Stored items:
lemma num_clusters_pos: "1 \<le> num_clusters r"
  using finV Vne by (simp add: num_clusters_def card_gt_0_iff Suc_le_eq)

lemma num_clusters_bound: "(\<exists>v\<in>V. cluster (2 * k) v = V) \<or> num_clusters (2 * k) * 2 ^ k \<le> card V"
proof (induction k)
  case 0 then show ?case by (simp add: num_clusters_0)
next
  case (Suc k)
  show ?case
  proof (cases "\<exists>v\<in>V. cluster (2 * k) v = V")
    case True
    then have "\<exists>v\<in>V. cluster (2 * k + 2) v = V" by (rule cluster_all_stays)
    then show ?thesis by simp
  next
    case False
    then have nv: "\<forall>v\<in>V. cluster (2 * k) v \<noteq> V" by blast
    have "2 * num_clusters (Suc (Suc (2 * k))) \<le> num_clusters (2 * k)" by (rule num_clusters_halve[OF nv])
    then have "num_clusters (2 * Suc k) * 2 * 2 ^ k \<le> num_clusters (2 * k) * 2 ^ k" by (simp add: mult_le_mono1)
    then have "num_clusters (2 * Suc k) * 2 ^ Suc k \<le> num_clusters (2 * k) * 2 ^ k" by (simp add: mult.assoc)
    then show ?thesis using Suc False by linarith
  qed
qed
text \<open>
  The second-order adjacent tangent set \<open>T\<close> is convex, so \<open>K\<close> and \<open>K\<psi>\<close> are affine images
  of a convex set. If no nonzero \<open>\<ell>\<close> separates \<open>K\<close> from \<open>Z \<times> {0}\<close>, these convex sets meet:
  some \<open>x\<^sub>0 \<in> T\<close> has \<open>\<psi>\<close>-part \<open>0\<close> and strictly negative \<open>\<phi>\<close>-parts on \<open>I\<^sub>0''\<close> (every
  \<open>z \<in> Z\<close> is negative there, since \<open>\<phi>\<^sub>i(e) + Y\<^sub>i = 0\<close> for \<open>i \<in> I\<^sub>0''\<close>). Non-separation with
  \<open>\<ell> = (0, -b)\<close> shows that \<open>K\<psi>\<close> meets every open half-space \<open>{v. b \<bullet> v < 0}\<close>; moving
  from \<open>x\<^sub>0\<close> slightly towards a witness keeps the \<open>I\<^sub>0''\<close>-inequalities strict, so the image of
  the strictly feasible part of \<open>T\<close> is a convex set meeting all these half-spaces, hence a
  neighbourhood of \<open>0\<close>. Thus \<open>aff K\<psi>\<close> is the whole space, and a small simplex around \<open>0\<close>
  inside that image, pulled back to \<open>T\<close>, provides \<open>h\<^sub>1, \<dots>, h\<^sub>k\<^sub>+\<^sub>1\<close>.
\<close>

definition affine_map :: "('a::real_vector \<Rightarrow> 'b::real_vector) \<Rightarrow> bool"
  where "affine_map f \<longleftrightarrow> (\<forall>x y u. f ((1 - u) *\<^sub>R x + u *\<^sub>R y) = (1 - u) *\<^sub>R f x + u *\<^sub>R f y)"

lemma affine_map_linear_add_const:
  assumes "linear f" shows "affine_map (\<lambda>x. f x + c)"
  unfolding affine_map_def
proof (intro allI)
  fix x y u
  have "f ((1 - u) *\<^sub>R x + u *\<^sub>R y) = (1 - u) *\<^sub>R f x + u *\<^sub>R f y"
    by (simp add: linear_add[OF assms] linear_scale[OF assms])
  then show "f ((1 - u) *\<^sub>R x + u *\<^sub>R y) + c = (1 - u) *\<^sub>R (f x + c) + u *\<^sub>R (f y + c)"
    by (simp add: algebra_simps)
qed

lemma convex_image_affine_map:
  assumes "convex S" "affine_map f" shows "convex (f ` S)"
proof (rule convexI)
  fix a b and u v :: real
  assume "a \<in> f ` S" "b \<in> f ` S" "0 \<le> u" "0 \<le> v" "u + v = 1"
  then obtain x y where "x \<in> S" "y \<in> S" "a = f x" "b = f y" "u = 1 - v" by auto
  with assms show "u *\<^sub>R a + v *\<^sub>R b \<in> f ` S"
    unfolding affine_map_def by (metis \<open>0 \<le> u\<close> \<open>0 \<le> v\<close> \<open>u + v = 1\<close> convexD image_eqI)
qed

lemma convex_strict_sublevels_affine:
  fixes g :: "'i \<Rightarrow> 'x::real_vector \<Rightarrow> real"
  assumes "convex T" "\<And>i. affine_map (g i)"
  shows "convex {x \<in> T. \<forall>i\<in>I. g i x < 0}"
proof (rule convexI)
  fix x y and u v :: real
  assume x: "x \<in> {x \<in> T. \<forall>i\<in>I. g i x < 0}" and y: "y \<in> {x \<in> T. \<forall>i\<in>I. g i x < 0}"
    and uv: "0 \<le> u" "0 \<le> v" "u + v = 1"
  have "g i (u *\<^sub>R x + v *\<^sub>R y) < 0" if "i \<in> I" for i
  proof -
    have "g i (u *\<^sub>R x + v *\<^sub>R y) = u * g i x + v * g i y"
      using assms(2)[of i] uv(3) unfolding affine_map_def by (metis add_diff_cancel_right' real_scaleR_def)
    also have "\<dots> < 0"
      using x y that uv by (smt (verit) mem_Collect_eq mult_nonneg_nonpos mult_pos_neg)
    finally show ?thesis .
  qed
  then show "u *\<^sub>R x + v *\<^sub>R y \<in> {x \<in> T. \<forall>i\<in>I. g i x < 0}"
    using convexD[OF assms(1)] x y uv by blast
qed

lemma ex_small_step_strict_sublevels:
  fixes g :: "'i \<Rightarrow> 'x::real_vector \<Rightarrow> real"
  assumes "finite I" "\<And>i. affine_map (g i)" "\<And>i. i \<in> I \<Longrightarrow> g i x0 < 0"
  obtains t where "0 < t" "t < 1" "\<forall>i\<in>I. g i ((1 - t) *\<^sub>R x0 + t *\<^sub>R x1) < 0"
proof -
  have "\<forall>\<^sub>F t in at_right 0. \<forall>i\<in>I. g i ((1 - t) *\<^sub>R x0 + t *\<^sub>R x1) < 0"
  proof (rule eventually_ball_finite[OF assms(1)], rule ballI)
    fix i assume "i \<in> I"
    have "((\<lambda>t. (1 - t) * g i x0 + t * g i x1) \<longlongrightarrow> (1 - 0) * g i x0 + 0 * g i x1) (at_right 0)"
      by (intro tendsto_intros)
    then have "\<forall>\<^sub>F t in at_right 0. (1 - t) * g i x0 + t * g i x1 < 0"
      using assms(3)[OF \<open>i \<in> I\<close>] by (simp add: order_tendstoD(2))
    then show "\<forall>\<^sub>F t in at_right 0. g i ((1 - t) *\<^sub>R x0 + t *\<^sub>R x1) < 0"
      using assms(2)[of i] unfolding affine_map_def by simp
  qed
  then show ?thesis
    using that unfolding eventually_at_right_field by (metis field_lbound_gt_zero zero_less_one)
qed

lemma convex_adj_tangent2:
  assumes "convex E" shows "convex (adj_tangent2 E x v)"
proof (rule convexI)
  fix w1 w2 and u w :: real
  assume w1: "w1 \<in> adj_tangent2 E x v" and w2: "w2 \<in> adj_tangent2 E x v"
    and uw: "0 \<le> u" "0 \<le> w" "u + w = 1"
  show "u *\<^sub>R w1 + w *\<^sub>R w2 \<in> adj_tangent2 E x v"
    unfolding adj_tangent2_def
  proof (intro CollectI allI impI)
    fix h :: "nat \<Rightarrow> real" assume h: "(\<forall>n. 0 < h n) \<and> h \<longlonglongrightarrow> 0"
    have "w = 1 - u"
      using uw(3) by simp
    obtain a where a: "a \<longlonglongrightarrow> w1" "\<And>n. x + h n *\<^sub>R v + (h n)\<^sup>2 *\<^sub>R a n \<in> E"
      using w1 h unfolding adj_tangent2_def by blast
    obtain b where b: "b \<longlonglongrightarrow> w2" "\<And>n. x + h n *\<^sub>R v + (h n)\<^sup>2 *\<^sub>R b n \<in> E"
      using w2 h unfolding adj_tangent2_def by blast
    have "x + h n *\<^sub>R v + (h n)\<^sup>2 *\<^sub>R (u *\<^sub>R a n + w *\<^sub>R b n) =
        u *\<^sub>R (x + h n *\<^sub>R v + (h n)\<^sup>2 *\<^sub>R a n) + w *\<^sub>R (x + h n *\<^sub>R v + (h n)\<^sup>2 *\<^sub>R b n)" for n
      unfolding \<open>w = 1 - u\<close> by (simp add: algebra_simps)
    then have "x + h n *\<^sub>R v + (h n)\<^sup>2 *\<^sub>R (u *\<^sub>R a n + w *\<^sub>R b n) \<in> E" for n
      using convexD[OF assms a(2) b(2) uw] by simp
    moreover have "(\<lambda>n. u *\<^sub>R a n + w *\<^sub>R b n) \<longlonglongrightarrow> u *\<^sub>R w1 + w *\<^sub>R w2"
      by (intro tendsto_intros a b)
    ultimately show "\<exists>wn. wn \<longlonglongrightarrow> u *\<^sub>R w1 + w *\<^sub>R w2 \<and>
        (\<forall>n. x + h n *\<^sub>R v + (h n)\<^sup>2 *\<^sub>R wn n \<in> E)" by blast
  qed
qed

PROBLEM TO SOLVE - Some lines above contain the word "lemma". Copy each of them.

RESPONSE BELOW -
lemma num_clusters_pos: "1 \<le> num_clusters r"
lemma num_clusters_bound: "(\<exists>v\<in>V. cluster (2 * k) v = V) \<or> num_clusters (2 * k) * 2 ^ k \<le> card V"
lemma affine_map_linear_add_const:
lemma convex_image_affine_map:
lemma convex_strict_sublevels_affine:
lemma ex_small_step_strict_sublevels:
lemma convex_adj_tangent2:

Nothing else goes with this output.